[Saved entries]

lemma cyc_characters_orthogonal:
  assumes prim: "\<forall>i<l. primitive_root_of_unity (m i) (\<xi> i)" and "g \<in> cyc_carrier m l"
  shows "(\<Sum>j\<in>cyc_carrier m l. cyc_monomial l (\<lambda>i. \<xi> i ^ j i) g)
    = (if g = cyc_unit then of_nat (\<Prod>i<l. m i) else 0)"
proof -
  have g: "\<forall>i<l. g i < m i" "\<forall>i\<ge>l. g i = 0"
    using assms(2) by (auto simp: cyc_carrier_def)
  have "(\<Sum>j\<in>cyc_carrier m l. cyc_monomial l (\<lambda>i. \<xi> i ^ j i) g)
      = (\<Prod>i<l. \<Sum>t<m i. (\<xi> i ^ g i) ^ t)"
    unfolding cyc_monomial_def sum_cyc_carrier_prod[symmetric]
    by (simp add: mult.commute flip: power_mult)
  also have "\<dots> = (\<Prod>i<l. if g i = 0 then of_nat (m i) else 0)"
    using prim g(1) by (simp add: sum_powers_primitive_root)
  also have "\<dots> = (if \<forall>i<l. g i = 0 then of_nat (\<Prod>i<l. m i) else 0)"
    by (force simp: prod_zero_iff)
  also have "(\<forall>i<l. g i = 0) \<longleftrightarrow> g = cyc_unit"
    using g(2) by (auto simp: cyc_unit_def fun_eq_iff) (meson leI)
  finally show ?thesis .
qed

lemma norm_cyc_eval_le:
  assumes "\<forall>i<l. norm (z i) = 1"
  shows "norm (cyc_eval m l c z) \<le> ga_l1norm (cyc_carrier m l) c"
  unfolding cyc_eval_eq_ga_fourier using assms by (intro norm_ga_fourier_le) (simp add: norm_cyc_monomial)
lemma det_fps_shift_rows_nth_0:
  fixes M :: "'a::field fps mat"
  assumes M: "M \<in> carrier_mat n n" and "r \<le> n"
    and rows: "\<And>i j. i < r \<Longrightarrow> j < n \<Longrightarrow> M $$ (i, j) $ 0 = 0"
    and "det M \<noteq> 0" and "subdegree (det M) = r"
  shows "det (fps_shift_rows r M) $ 0 \<noteq> 0"
proof -
  have "diag_X_rows r n \<in> carrier_mat n n" unfolding diag_X_rows_def by simp
  then have "det M = fps_X ^ r * det (fps_shift_rows r M)"
    using det_mult[of "diag_X_rows r n" n "fps_shift_rows r M"] M
    by (simp add: diag_X_rows_mult_fps_shift_rows[OF M rows] det_diag_X_rows[OF \<open>r \<le> n\<close>])
  with assms have "subdegree (det (fps_shift_rows r M)) = 0" by auto
  with \<open>det M \<noteq> 0\<close> \<open>det M = _\<close> show ?thesis by (auto simp: subdegree_eq_0_iff)
qed

lemma fps_mat_factor_leading_rows:
  fixes M :: "'a::field fps mat"
  assumes M: "M \<in> carrier_mat (r + n) (r + n)"
    and split0: "split_block (coeff_mat M 0) r r = (0\<^sub>m r r, 0\<^sub>m r n, C0, D0)"
    and split1: "split_block (coeff_mat M 1) r r = (A1, B1, C1, D1)"
    and "det M \<noteq> 0" and "subdegree (det M) = r"
  obtains G where "G \<in> carrier_mat (r + n) (r + n)" and "M = diag_X_rows r (r + n) * G"
    and "det G $ 0 \<noteq> 0" and "coeff_mat G 0 = four_block_mat A1 B1 C0 D0"
proof
  note blocks0 = split_block_square[OF split0 coeff_mat_carrier[OF M]]
    and blocks1 = split_block_square[OF split1 coeff_mat_carrier[OF M]]
  have M0: "M $$ (i, j) $ 0 = four_block_mat (0\<^sub>m r r) (0\<^sub>m r n) C0 D0 $$ (i, j)"
    and M1: "M $$ (i, j) $ 1 = four_block_mat A1 B1 C1 D1 $$ (i, j)"
    if "i < r + n" "j < r + n" for i j
    using that M blocks0(5)[symmetric] blocks1(5)[symmetric] by (simp_all add: coeff_mat_def)
  have rows: "M $$ (i, j) $ 0 = 0" if "i < r" "j < r + n" for i j
    using M0[of i j] that blocks0 by simp
  show "fps_shift_rows r M \<in> carrier_mat (r + n) (r + n)" using M by simp
  show "M = diag_X_rows r (r + n) * fps_shift_rows r M"
    using diag_X_rows_mult_fps_shift_rows[OF M rows] by simp
  show "det (fps_shift_rows r M) $ 0 \<noteq> 0"
    using det_fps_shift_rows_nth_0[OF M _ rows] assms(4,5) by simp
  show "coeff_mat (fps_shift_rows r M) 0 = four_block_mat A1 B1 C0 D0"
    unfolding coeff_mat_fps_shift_rows_0 using M blocks0 blocks1 M0 M1
    by (intro eq_matI) auto
qed

section \<open>Laurent expansion of the determinant\<close>

lemma bigO_eps_leading_term:
  fixes f :: "'a::field fls" and h :: "'a fps"
  assumes "f * fls_X ^ r = fps_to_fls h"
  shows "bigO_eps (f - fls_X_intpow (- int r) * fls_const (h $ 0)) (- int r + 1)"
proof -
  define g where "g = h - fps_const (h $ 0)"
  have "fls_X_intpow (- int r) * fls_X_intpow (int r) = (1 :: 'a fls)"
    using fls_X_intpow_times_fls_X_intpow[of "- int r" "int r"] by simp
  then have "f = fls_X_intpow (- int r) * (f * fls_X_intpow (int r))"
    by (metis mult.commute mult.left_commute mult_1_right)
  also have "\<dots> = fls_X_intpow (- int r) * fps_to_fls h"
    using assms by (simp add: fls_X_power_conv_shift_1)
  finally have "f - fls_X_intpow (- int r) * fls_const (h $ 0) = fls_X_intpow (- int r) * fps_to_fls g"
    unfolding g_def by (simp add: right_diff_distrib)
  moreover have "fls_subdegree (fls_X_intpow (- int r) * fps_to_fls g) \<ge> - int r + 1"
    if "g \<noteq> 0"
  proof -
    have "g $ 0 = 0" unfolding g_def by simp
    with that have "subdegree g \<ge> 1" using subdegree_eq_0_iff[of g] by simp
    with that show ?thesis
      by (subst fls_subdegree_mult) (auto simp: fls_subdegree_fls_to_fps fls_shift_eq0_iff)
  qed
  ultimately show ?thesis unfolding bigO_eps_def by auto
qed
text \<open>The last hypothesis says that \<open>t\<close> minimises \<open>w \<mapsto> \<onehalf> w\<^sup>tQw + r\<^sup>tw\<close> over \<open>V\<close>.\<close>

lemma model_step_eq_subspace_minimizer:
  fixes H Q :: "real^'n^'n"
  assumes "transpose H = H" "transpose Q = Q" "pos_def H" "subspace V"
    and invariant: "\<And>v. v \<in> V \<Longrightarrow> H *v v \<in> V"
    and agree: "\<And>w. w \<in> V \<Longrightarrow> w \<bullet> (H *v w) = w \<bullet> (Q *v w)"
    and "r \<in> V" "t \<in> V"
    and stationary: "\<And>w. w \<in> V \<Longrightarrow> w \<bullet> (Q *v t + r) = 0"
  shows "matrix_inv H *v r = - t"
proof -
  define y where "y = H *v t + r"
  have "y \<in> V"
    unfolding y_def using assms by (simp add: invariant subspace_add)
  have "y \<bullet> y = y \<bullet> (Q *v t + r)"
    using quadratic_form_polarization[OF assms(1,2,4) agree \<open>y \<in> V\<close> \<open>t \<in> V\<close>]
    by (simp add: y_def inner_add_right)
  also have "\<dots> = 0" using stationary \<open>y \<in> V\<close> .
  finally have "H *v t = - r" by (simp add: y_def eq_neg_iff_add_eq_0)
  then have "H *v (matrix_inv H *v r + t) = 0"
    by (simp add: matrix_vector_right_distrib pos_def_matrix_inv_right[OF \<open>pos_def H\<close>])
  then have "matrix_inv H *v r + t = 0"
    using \<open>pos_def H\<close> unfolding pos_def_def by (metis inner_zero_right less_irrefl)
  then show ?thesis by (simp add: eq_neg_iff_add_eq_0)
qed

definition cg_residual :: "real^'n^'n \<Rightarrow> real^'n \<Rightarrow> real^'n \<Rightarrow> nat \<Rightarrow> real^'n" where
  "cg_residual Q c x0 k = fst (snd (cg Q c x0 k))"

- Task details -
If a line above holds the word "stationary", copy it.

- Reply to the task -
    and stationary: "\<And>w. w \<in> V \<Longrightarrow> w \<bullet> (Q *v t + r) = 0"
  also have "\<dots> = 0" using stationary \<open>y \<in> V\<close> .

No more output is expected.